I've looked at this several times and I don't see the difference
between the two bullets. (Ironically, you are using a non-ASCII
character here that doesn't always display, depending on where I look
at your mail :-).
Can you give some examples?
Is u'\u0020' different from u'\x20' (a space)?
Does '\u0020' (no u prefix) have a meaning?
Also, I remember reading Tim Peters who suggested that a "raw unicode"
notation (ur"...") might be necessary, to encode regular expressions.
I tend to agree.
While I'm on the topic, I don't see in your proposal a description of
the source file character encoding. Currently, this is undefined, and
in fact can be (ab)used to enter non-ASCII in string literals. For
example, a programmer named François might write a file containing
this statement:
print "Written by François." # (There's a cedilla in there!)

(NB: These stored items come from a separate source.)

inductive breaker_can_win :: "'a graph \<Rightarrow> 'a set \<Rightarrow> 'a set \<Rightarrow> bool \<Rightarrow> bool"
  for G where
  end_win: "verts G - M - B = {} \<Longrightarrow> \<not> maker_goal G M \<Longrightarrow> breaker_can_win G M B mt"
| breaker_move: "v \<in> verts G - M - B \<Longrightarrow> breaker_can_win G M (insert v B) True
     \<Longrightarrow> breaker_can_win G M B False"
| maker_move: "verts G - M - B \<noteq> {} \<Longrightarrow>
     (\<forall>v\<in>verts G - M - B. breaker_can_win G (insert v M) B False)
     \<Longrightarrow> breaker_can_win G M B True"

datatype outcome = Out_M | Out_B | Out_N | Out_P

text \<open>M-game: Maker first (turn True); B-game: Breaker first (turn False).\<close>
definition O_SR :: "'a graph \<Rightarrow> outcome" where
  "O_SR G = (if maker_can_win G {} {} True \<and> maker_can_win G {} {} False then Out_M
     else if breaker_can_win G {} {} True \<and> breaker_can_win G {} {} False then Out_B
     else if maker_can_win G {} {} True \<and> breaker_can_win G {} {} False then Out_N
     else Out_P)"

end

theory Submission
  imports Defs
begin

(* Since K_t has no non-edges, G \<diamond> K_t is G with every vertex blown up into a clique of t
   true twins: two vertices in one clique are at distance 1, vertices over different g, g'
   are at distance d_G(g, g'). Fix a diametral pair u, v of G and two distinct vertices x, y
   over {u, v}. No third vertex z strongly resolves x and y: if they are twins, z sees them
   at the same distance; otherwise d(x, y) is the diameter, so neither lies strictly between
   the other and z. Hence every strong resolving set misses at most one of the four vertices
   {u, v} \<times> {0, 1}, and Breaker, who can claim two of these four in either game, wins. *)

lemma walk_Cons:
  "walk G (a # p) a' y \<longleftrightarrow> a = a' \<and> a \<in> verts G \<and>
     (if p = [] then y = a else adj G a (hd p) \<and> walk G p (hd p) y)"
proof (cases p)
  case Nil
  then show ?thesis by (auto simp: walk_def)
next
  case (Cons b q)
  have "(\<forall>i. Suc i < length (a#b#q) \<longrightarrow> adj G ((a#b#q) ! i) ((a#b#q) ! Suc i)) \<longleftrightarrow>
        adj G a b \<and> (\<forall>i. Suc i < length (b#q) \<longrightarrow> adj G ((b#q) ! i) ((b#q) ! Suc i))"
    by (auto simp: less_Suc_eq_0_disj nth_Cons split: nat.splits)
  then show ?thesis using Cons by (auto simp: walk_def)
qed

lemma walk_rev:
  assumes sym: "\<And>a b. adj G a b \<Longrightarrow> adj G b a" and "walk G p x y"
  shows "walk G (rev p) y x"
proof -
  have "adj G (rev p ! i) (rev p ! Suc i)" if "Suc i < length p" for i
  proof -
    have "adj G (p ! (length p - Suc (Suc i))) (p ! Suc (length p - Suc (Suc i)))"
      using \<open>walk G p x y\<close> that by (simp add: walk_def)
    moreover have "Suc (length p - Suc (Suc i)) = length p - Suc i" using that by simp
    ultimately show ?thesis using sym that by (simp add: rev_nth)
  qed
  then show ?thesis using \<open>walk G p x y\<close> by (auto simp: walk_def hd_rev last_rev)
qed

lemma gdist_less_length: "walk G p x y \<Longrightarrow> gdist G x y < length p"
  unfolding gdist_def
  by (rule order.strict_trans1[OF Least_le[of _ "length p - 1"]]) (auto simp: walk_def)

lemma geodesic_exists: "walk G p x y \<Longrightarrow> \<exists>q. geodesic G q x y"
  unfolding geodesic_def gdist_def
  by (rule LeastI_ex[of "\<lambda>n. \<exists>q. walk G q x y \<and> length q = Suc n"])
    (auto simp: walk_def intro!: exI[of _ "length p - 1"] exI[of _ p])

(He assumes his source character encoding is Latin-1, and he doesn't
want to have to type \347 when he can type a cedilla on his keyboard.)
If his source file (or .pyc file!) is executed by a Japanese user,
this will probably print some garbage.
Using the new Unicode strings, François could change his program as
follows:
print unicode("Written by François.", "latin-1")
Assuming that François sets his sys.stdout to use Latin-1, while the
Japanese user sets his to shift-JIS (or whatever his kanjiterm uses).
But when the Japanese user views François' source file, he will again
see garbage. If he uses a generic tool to translate latin-1 files to
shift-JIS (assuming shift-JIS has a cedilla character) the program
will no longer work correctly -- the string "latin-1" has to be
changed to "shift-jis".
What should we do about this? The safest and most radical solution is
to disallow non-ASCII source characters; François will then have to
type
print u"Written by Fran\u00E7ois."
but, knowing François, he probably won't like this solution very much
(since he didn't like the \347 version either).
--Guido van Rossum (home page: http://www.python.org/~guido/)